§ Directions for this task: For the records below, work out the number of lines holding "longleftrightarrow" and reply with only that.
(Data supplied Opens)
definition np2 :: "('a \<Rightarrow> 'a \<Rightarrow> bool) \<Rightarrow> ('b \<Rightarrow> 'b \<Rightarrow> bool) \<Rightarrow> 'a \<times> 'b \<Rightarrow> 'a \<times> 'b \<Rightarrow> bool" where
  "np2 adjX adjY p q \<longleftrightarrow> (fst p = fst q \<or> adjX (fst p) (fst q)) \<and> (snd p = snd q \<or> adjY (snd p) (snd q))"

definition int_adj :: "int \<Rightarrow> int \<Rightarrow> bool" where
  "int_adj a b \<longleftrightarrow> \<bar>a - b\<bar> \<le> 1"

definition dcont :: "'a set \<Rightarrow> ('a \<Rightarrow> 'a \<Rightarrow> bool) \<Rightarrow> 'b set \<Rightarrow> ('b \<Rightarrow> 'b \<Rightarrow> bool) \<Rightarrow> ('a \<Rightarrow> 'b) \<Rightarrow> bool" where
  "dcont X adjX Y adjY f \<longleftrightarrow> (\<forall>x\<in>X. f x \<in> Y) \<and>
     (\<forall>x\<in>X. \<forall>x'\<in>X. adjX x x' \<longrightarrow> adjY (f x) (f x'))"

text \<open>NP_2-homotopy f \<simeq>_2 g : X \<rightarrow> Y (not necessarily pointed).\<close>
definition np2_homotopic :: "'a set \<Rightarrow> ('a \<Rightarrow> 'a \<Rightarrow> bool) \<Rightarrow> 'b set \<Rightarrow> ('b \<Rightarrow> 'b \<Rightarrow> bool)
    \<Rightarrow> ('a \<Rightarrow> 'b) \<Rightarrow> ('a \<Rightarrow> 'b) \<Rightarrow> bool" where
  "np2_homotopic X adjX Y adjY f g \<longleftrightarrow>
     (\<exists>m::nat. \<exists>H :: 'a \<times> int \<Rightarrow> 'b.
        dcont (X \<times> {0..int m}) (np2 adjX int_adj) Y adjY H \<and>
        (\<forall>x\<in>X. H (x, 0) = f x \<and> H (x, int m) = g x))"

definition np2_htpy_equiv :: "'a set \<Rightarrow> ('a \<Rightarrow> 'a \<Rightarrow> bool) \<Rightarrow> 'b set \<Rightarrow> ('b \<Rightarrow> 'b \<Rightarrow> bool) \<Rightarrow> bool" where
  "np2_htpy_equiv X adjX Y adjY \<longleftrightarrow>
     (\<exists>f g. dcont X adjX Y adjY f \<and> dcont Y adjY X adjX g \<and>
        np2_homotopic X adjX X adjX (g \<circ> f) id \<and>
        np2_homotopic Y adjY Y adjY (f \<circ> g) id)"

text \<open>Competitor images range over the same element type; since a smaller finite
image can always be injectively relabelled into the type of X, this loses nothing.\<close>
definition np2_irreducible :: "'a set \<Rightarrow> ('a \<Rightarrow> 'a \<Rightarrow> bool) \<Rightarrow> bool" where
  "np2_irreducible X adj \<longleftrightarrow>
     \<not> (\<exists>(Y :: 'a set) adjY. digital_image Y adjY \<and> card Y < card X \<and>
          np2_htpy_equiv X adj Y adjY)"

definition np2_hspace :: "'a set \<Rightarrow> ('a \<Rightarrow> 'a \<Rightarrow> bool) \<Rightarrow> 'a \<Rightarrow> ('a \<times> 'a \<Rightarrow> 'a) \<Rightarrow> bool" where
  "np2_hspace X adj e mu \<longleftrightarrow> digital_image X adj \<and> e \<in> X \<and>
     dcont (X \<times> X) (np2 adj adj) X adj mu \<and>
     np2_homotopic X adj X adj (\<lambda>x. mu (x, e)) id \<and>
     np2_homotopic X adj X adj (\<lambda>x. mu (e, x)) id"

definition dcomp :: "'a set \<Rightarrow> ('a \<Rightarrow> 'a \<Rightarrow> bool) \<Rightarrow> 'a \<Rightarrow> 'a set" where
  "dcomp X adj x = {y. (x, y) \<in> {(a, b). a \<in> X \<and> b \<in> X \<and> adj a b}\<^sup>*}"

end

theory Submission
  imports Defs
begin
(Data supplied Closes)
§ Response box: 7